Highlighted the significance of reproducibility in the scientific community.
Discussed the social technical challenges tied to defining tools and standards for reproducibility.
Introduced reproducibility as a two-sided market, focusing on the differing needs based on the reproducer’s perspective.
A request for viewpoints on the significance of reproducibility across various sectors.

Reproducibility in Machine Learning:

Addressed the obstacles when non-experts try to reproduce machine learning models.
Underlined the value of code accessibility and its adaptability to diverse applications.
Noted the distinction between model sharing and genuinely achieving reproducible results.
Introduced a project, “MLC@Home”, aiming to close the gap between theoretical models and actual outcomes.
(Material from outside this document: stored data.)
text \<open>Let X be the set of vertices on shortest st-paths; the edges of D join vertices of X. The
  tree path from s to a vertex v of X is a shortest s-v path, and continuing it along a shortest
  st-path through v gives a shortest st-path, so tree paths to X stay in D. Hence distinct vertices
  of X lie in different components of R. An outward path runs from s to t, both in X, and each of
  its edges outside D but not in E_tilde joins two vertices of one component of R. Following the
  path from the last vertex of X before an edge outside D to the next vertex of X, all edges on
  the way lie outside D, so without an edge of E_tilde the two ends of this stretch would be
  distinct vertices of X in one component of R.\<close>

lemma path_edge_list_Nil [simp]: "path_edge_list [] = []"
  by (simp add: path_edge_list_def)

lemma path_edge_list_singleton [simp]: "path_edge_list [a] = []"
  by (simp add: path_edge_list_def)

lemma path_edge_list_Cons_Cons [simp]:
  "path_edge_list (a # b # xs) = {a, b} # path_edge_list (b # xs)"
  unfolding path_edge_list_def
  by (simp add: upt_conv_Cons map_Suc_upt[symmetric] del: upt_Suc)

lemma path_edge_list_append:
  "path_edge_list (xs @ y # ys) = path_edge_list (xs @ [y]) @ path_edge_list (y # ys)"
proof (induction xs)
  case (Cons a xs)
  then show ?case
    by (cases xs) simp_all
qed simp

lemma path_edges_Nil [simp]: "path_edges [] = {}"
  by (simp add: path_edges_def)

lemma path_edges_singleton [simp]: "path_edges [a] = {}"
  by (simp add: path_edges_def)

lemma path_edges_Cons_Cons [simp]:
  "path_edges (a # b # xs) = insert {a, b} (path_edges (b # xs))"
  by (simp add: path_edges_def)

lemma path_edges_append:
  "path_edges (xs @ y # ys) = path_edges (xs @ [y]) \<union> path_edges (y # ys)"
  unfolding path_edges_def by (subst path_edge_list_append) simp

lemma path_len_Cons_Cons [simp]: "path_len w (a # b # xs) = w {a, b} + path_len w (b # xs)"
  by (simp add: path_len_def)

lemma path_len_append:
  "path_len w (xs @ y # ys) = path_len w (xs @ [y]) + path_len w (y # ys)"
  unfolding path_len_def by (subst path_edge_list_append) simp

lemma path_edges_conv: "path_edges p = {{p ! i, p ! Suc i} |i. Suc i < length p}"
  unfolding path_edges_def path_edge_list_def by auto
lemma schwartz_integrable: "schwartz f \<Longrightarrow> integrable lborel f"
  using schwartz_le_cauchy_weight[of f "[]"] schwartz_measurable
  by (auto intro: integrable_bounded_by_cauchy_weight)

lemma partial_diff:
  assumes "(\<lambda>t. F (x + t *\<^sub>R axis j 1)) differentiable (at 0)"
    and "(\<lambda>t. G (x + t *\<^sub>R axis j 1)) differentiable (at 0)"
  shows "partial j (\<lambda>x. F x - G x) x = partial j F x - partial j G x"
  unfolding partial_def
  by (rule vector_derivative_at, rule has_vector_derivative_diff)
     (use assms in \<open>auto simp: vector_derivative_works\<close>)

lemma dlist_diff:
  assumes "schwartz f" and "schwartz g"
  shows "dlist is (\<lambda>x. f x - g x) = (\<lambda>x. dlist is f x - dlist is g x)"
proof (induction "is")
  case (Cons i "is")
  show ?case
    by (simp only: dlist.simps Cons.IH)
       (use assms in \<open>auto simp: fun_eq_iff schwartz_def intro!: partial_diff\<close>)
qed simp

lemma schwartz_diff:
  assumes f: "schwartz f" and g: "schwartz g"
  shows "schwartz (\<lambda>x. f x - g x)"
  unfolding schwartz_def dlist_diff[OF f g]
proof (intro conjI allI)
  show "(\<lambda>t. dlist is f (x + t *\<^sub>R axis i 1) - dlist is g (x + t *\<^sub>R axis i 1)) differentiable (at 0)"
    for "is" i x
    using f g unfolding schwartz_def by (intro differentiable_diff) blast+
next
  fix "is" and N :: nat
  obtain B1 where B1: "\<And>x. (1 + norm x) ^ N * cmod (dlist is f x) \<le> B1"
    using schwartz_decay[OF f] by blast
  obtain B2 where B2: "\<And>x. (1 + norm x) ^ N * cmod (dlist is g x) \<le> B2"
    using schwartz_decay[OF g] by blast
  have "(1 + norm x) ^ N * cmod (dlist is f x - dlist is g x) \<le>
        (1 + norm x) ^ N * (cmod (dlist is f x) + cmod (dlist is g x))" for x
    by (intro mult_left_mono norm_triangle_ineq4) (simp add: add_nonneg_nonneg)
  also have "\<dots> x \<le> B1 + B2" for x using B1[of x] B2[of x] by (simp add: distrib_left)
  finally show "\<exists>B. \<forall>x. (1 + norm x) ^ N * cmod (dlist is f x - dlist is g x) \<le> B" by blast
qed
lemma intertwine_mult:
  fixes A B C D E :: "'a :: semiring_1 mat"
  assumes carrier: "A \<in> carrier_mat n n" "B \<in> carrier_mat n n" "C \<in> carrier_mat n n"
      "D \<in> carrier_mat n n" "E \<in> carrier_mat n n"
    and "C * A = A * D" "D * B = B * E"
  shows "C * (A * B) = A * B * E"
proof -
  have "C * (A * B) = C * A * B"
    using carrier by (simp add: assoc_mult_mat[of _ n n _ n _ n])
  also have "\<dots> = A * (D * B)"
    using carrier by (simp add: assms(6) assoc_mult_mat[of _ n n _ n _ n])
  also have "\<dots> = A * B * E"
    using carrier by (simp add: assms(7) assoc_mult_mat[of _ n n _ n _ n])
  finally show ?thesis .
qed

lemma conj_intertwined:
  fixes A Ai C T X :: "'a :: semiring_1 mat"
  assumes carrier: "A \<in> carrier_mat n n" "Ai \<in> carrier_mat n n" "C \<in> carrier_mat n n"
      "T \<in> carrier_mat n n" "X \<in> carrier_mat n n"
    and inv: "A * Ai = 1\<^sub>m n" "Ai * A = 1\<^sub>m n"
    and intertwine: "C * A = A * T"
  shows "Ai * (C * (A * X * Ai) * C) * A = T * X * T"
proof -
  have "Ai * C = T * Ai"
  proof -
    have "Ai * C = Ai * C * (A * Ai)" using carrier inv by simp
    also have "\<dots> = Ai * (C * A) * Ai" using carrier by (simp add: assoc_mult_mat[of _ n n _ n _ n])
    also have "\<dots> = (Ai * A) * T * Ai" using carrier by (simp add: intertwine assoc_mult_mat[of _ n n _ n _ n])
    finally show ?thesis using carrier inv by simp
  qed
  have "Ai * (C * (A * X * Ai) * C) * A = (Ai * C) * (A * X * Ai) * (C * A)"
    using carrier by (simp add: assoc_mult_mat[of _ n n _ n _ n])
  also have "\<dots> = T * (Ai * A) * X * (Ai * A) * T"
    using carrier by (simp add: \<open>Ai * C = T * Ai\<close> intertwine assoc_mult_mat[of _ n n _ n _ n])
  also have "\<dots> = T * X * T" using carrier inv by simp
  finally show ?thesis .
qed

section \<open>Permutation, reflection and plane matrices\<close>

lemma perm_mat_carrier [simp]: "perm_mat N p \<in> carrier_mat N N"
  by (simp add: perm_mat_def)

lemma mult_perm_mat:
  assumes p: "p ` {1..N} \<subseteq> {1..N}" and A: "A \<in> carrier_mat n N"
  shows "A * perm_mat N p = mat n N (\<lambda>(r, c). A $$ (r, p (Suc c) - 1))"
proof (rule eq_matI)
  fix r c assume "r < dim_row (mat n N (\<lambda>(r, c). A $$ (r, p (Suc c) - 1)))"
    "c < dim_col (mat n N (\<lambda>(r, c). A $$ (r, p (Suc c) - 1)))"
  then have r: "r < n" and c: "c < N" by auto
  have "p (Suc c) \<in> {1..N}" using p c by (auto simp: image_subset_iff)
  then have pc: "p (Suc c) - 1 < N" "Suc (p (Suc c) - 1) = p (Suc c)" by auto
  have "(A * perm_mat N p) $$ (r, c) = (\<Sum>l<N. A $$ (r, l) * perm_mat N p $$ (l, c))"
    by (rule index_mult_mat_sum[OF A perm_mat_carrier r c])
  also have "\<dots> = A $$ (r, p (Suc c) - 1) * perm_mat N p $$ (p (Suc c) - 1, c)"
    by (rule sum_lessThan_single) (use pc c in \<open>auto simp: perm_mat_def\<close>)
  finally show "(A * perm_mat N p) $$ (r, c) = mat n N (\<lambda>(r, c). A $$ (r, p (Suc c) - 1)) $$ (r, c)"
    using pc r c by (simp add: perm_mat_def)
qed (use A in \<open>auto simp: perm_mat_def\<close>)

lemma involution_perm_mat_mult:
  assumes p: "p ` {1..N} \<subseteq> {1..N}" "\<And>k. k \<in> {1..N} \<Longrightarrow> p (p k) = k"
    and A: "A \<in> carrier_mat N n"
  shows "perm_mat N p * A = mat N n (\<lambda>(r, c). A $$ (p (Suc r) - 1, c))"
proof (rule eq_matI)
  fix r c assume "r < dim_row (mat N n (\<lambda>(r, c). A $$ (p (Suc r) - 1, c)))"
    "c < dim_col (mat N n (\<lambda>(r, c). A $$ (p (Suc r) - 1, c)))"
  then have r: "r < N" and c: "c < n" by auto
  have "p (Suc r) \<in> {1..N}" "p (p (Suc r)) = Suc r" using p r by (auto simp: image_subset_iff)
  then have pr: "p (Suc r) - 1 < N" "Suc (p (Suc r) - 1) = p (Suc r)" "p (p (Suc r)) = Suc r"
    by auto
  have "(perm_mat N p * A) $$ (r, c) = (\<Sum>l<N. perm_mat N p $$ (r, l) * A $$ (l, c))"
    by (rule index_mult_mat_sum[OF perm_mat_carrier A r c])
  also have "\<dots> = perm_mat N p $$ (r, p (Suc r) - 1) * A $$ (p (Suc r) - 1, c)"
  proof (rule sum_lessThan_single)
    fix l assume l: "l < N" "l \<noteq> p (Suc r) - 1"
    have "Suc r \<noteq> p (Suc l)"
      using p(2)[of "Suc l"] l pr by auto
    then show "perm_mat N p $$ (r, l) * A $$ (l, c) = 0" using l r by (simp add: perm_mat_def)
  qed (use pr in auto)
  finally show "(perm_mat N p * A) $$ (r, c) = mat N n (\<lambda>(r, c). A $$ (p (Suc r) - 1, c)) $$ (r, c)"
    using pr r c by (simp add: perm_mat_def)
qed (use A in \<open>auto simp: perm_mat_def\<close>)

lemma perm_mat_comp:
  assumes q: "q ` {1..N} \<subseteq> {1..N}"
  shows "perm_mat N p * perm_mat N q = perm_mat N (p \<circ> q)"
  unfolding mult_perm_mat[OF q perm_mat_carrier]
proof (rule eq_matI)
  fix r c assume "r < dim_row (perm_mat N (p \<circ> q))" "c < dim_col (perm_mat N (p \<circ> q))"
  then have r: "r < N" and c: "c < N" by (auto simp: perm_mat_def)
  have "q (Suc c) \<in> {1..N}" using q c by (auto simp: image_subset_iff)
  then have "q (Suc c) - 1 < N" "Suc (q (Suc c) - 1) = q (Suc c)" by auto
  then show "mat N N (\<lambda>(r, c). perm_mat N p $$ (r, q (Suc c) - 1)) $$ (r, c) = perm_mat N (p \<circ> q) $$ (r, c)"
    using r c by (simp add: perm_mat_def)
qed (auto simp: perm_mat_def)

lemma perm_mat_id:
  assumes "\<And>k. k \<in> {1..N} \<Longrightarrow> p k = k"
  shows "perm_mat N p = 1\<^sub>m N"
  by (rule eq_matI) (use assms in \<open>auto simp: perm_mat_def\<close>)

lemma det_perm_mat_ne_zero:
  assumes "q ` {1..N} \<subseteq> {1..N}" "\<And>k. k \<in> {1..N} \<Longrightarrow> p (q k) = k"
  shows "det (perm_mat N p) \<noteq> 0"
proof (rule det_ne_zero_if_right_inverse)
  show "perm_mat N p * perm_mat N q = 1\<^sub>m N"
    unfolding perm_mat_comp[OF assms(1)] by (rule perm_mat_id) (simp add: assms(2))
qed auto

lemma transpose_Suc:
  "1 \<le> a \<Longrightarrow> 1 \<le> b \<Longrightarrow> Transposition.transpose a b (Suc r) = Suc (Transposition.transpose (a - 1) (b - 1) r)"
  by (auto simp: transpose_def)

lemma conj_perm_mat_transpose:
  assumes "a \<in> {1..N}" "b \<in> {1..N}" and A: "A \<in> carrier_mat N N"
  shows "perm_mat N (Transposition.transpose a b) * A * perm_mat N (Transposition.transpose a b) =
    mat N N (\<lambda>(r, c). A $$ (Transposition.transpose (a - 1) (b - 1) r, Transposition.transpose (a - 1) (b - 1) c))"
proof -
  let ?P = "perm_mat N (Transposition.transpose a b)" and ?t = "Transposition.transpose (a - 1) (b - 1)"
  have t: "Transposition.transpose a b ` {1..N} \<subseteq> {1..N}"
    using assms by (auto simp: transpose_def)
  have "?P * A * ?P = ?P * (A * ?P)" using A by (simp add: assoc_mult_mat[of _ N N _ N _ N])
  also have "\<dots> = ?P * mat N N (\<lambda>(r, c). A $$ (r, Transposition.transpose a b (Suc c) - 1))"
    by (simp add: mult_perm_mat[OF t A])
  also have "\<dots> = mat N N (\<lambda>(r, c). A $$ (?t r, ?t c))"
    (is "_ = ?M")
  proof -
    have t_lt: "?t k < N" if "k < N" for k
      using assms that by (auto simp: transpose_def)
    have "?P * mat N N (\<lambda>(r, c). A $$ (r, Transposition.transpose a b (Suc c) - 1)) =
      mat N N (\<lambda>(r, c). mat N N (\<lambda>(r, c). A $$ (r, Transposition.transpose a b (Suc c) - 1))
        $$ (Transposition.transpose a b (Suc r) - 1, c))"
      by (rule involution_perm_mat_mult[OF t]) auto
    also have "\<dots> = ?M"
      by (rule eq_matI) (use assms t_lt in \<open>simp_all add: transpose_Suc\<close>)
    finally show ?thesis .
  qed
  finally show ?thesis .
qed

definition reflection_mat :: "nat \<Rightarrow> nat \<Rightarrow> 'a :: ring_1 mat" where
  "reflection_mat N a = mat N N (\<lambda>(r, c). if r = c then (if r = a then -1 else 1) else 0)"

lemma c_mat_eq_reflection_mat: "c_mat N = reflection_mat N (N - 1)"
  by (rule eq_matI) (auto simp: c_mat_def reflection_mat_def)

lemma reflection_mat_mult:
  assumes A: "A \<in> carrier_mat N n"
  shows "reflection_mat N a * A = mat N n (\<lambda>(r, c). if r = a then - A $$ (r, c) else A $$ (r, c))"
proof (rule eq_matI)
  fix r c assume "r < dim_row (mat N n (\<lambda>(r, c). if r = a then - A $$ (r, c) else A $$ (r, c)))"
    "c < dim_col (mat N n (\<lambda>(r, c). if r = a then - A $$ (r, c) else A $$ (r, c)))"
  then have r: "r < N" and c: "c < n" by auto
  have "(reflection_mat N a * A) $$ (r, c) = reflection_mat N a $$ (r, r) * A $$ (r, c)"
    by (subst index_mult_mat_sum[OF _ A r c], simp add: reflection_mat_def, rule sum_lessThan_single)
       (use r in \<open>auto simp: reflection_mat_def\<close>)
  then show "(reflection_mat N a * A) $$ (r, c) = mat N n (\<lambda>(r, c). if r = a then - A $$ (r, c) else A $$ (r, c)) $$ (r, c)"
    using r c by (simp add: reflection_mat_def)
qed (use A in \<open>auto simp: reflection_mat_def\<close>)

lemma mult_reflection_mat:
  assumes A: "A \<in> carrier_mat n N"
  shows "A * reflection_mat N a = mat n N (\<lambda>(r, c). if c = a then - A $$ (r, c) else A $$ (r, c))"
proof (rule eq_matI)
  fix r c assume "r < dim_row (mat n N (\<lambda>(r, c). if c = a then - A $$ (r, c) else A $$ (r, c)))"
    "c < dim_col (mat n N (\<lambda>(r, c). if c = a then - A $$ (r, c) else A $$ (r, c)))"
  then have r: "r < n" and c: "c < N" by auto
  have "(A * reflection_mat N a) $$ (r, c) = A $$ (r, c) * reflection_mat N a $$ (c, c)"
    by (subst index_mult_mat_sum[OF A _ r c], simp add: reflection_mat_def, rule sum_lessThan_single)
       (use c in \<open>auto simp: reflection_mat_def\<close>)
  then show "(A * reflection_mat N a) $$ (r, c) = mat n N (\<lambda>(r, c). if c = a then - A $$ (r, c) else A $$ (r, c)) $$ (r, c)"
    using r c by (simp add: reflection_mat_def)
qed (use A in \<open>auto simp: reflection_mat_def\<close>)

definition plane_mat :: "nat \<Rightarrow> nat \<Rightarrow> nat \<Rightarrow> 'a \<Rightarrow> 'a \<Rightarrow> 'a \<Rightarrow> 'a \<Rightarrow> 'a :: comm_ring_1 mat" where
  "plane_mat N a b x y z w = mat N N (\<lambda>(r, c).
     if r \<in> {a, b} \<and> c \<in> {a, b}
     then (if r = a then (if c = a then x else y) else (if c = a then z else w))
     else if r = c then 1 else 0)"

lemma plane_mat_carrier [simp]: "plane_mat N a b x y z w \<in> carrier_mat N N"
  by (simp add: plane_mat_def)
Sharing Models and Best Practices:

Emphasized the quality of information when disseminating models.
Pointed out the current inadequate model sharing practices in specific domains.
Presented the Open Modeling Foundation and its objectives.
Collaborative efforts with platforms to set standards without resorting to proprietary tools.
Highlighted the importance of sharing and collaboration, particularly in Parkinson’s research.

Reproducibility’s Broad Impact and Ecosystem:

Defined reproducibility as ensuring data and code are accessible and usable.
Discussed the varied forms of reproducibility depending on user needs.
Stressed feedback from varied stakeholders: funders, researchers, institutions.
Worked on identifying and collaborating with organizations focusing on reproducibility.
Explored the intricate relationship between model sharing and reproducibility, especially in the realm of machine learning.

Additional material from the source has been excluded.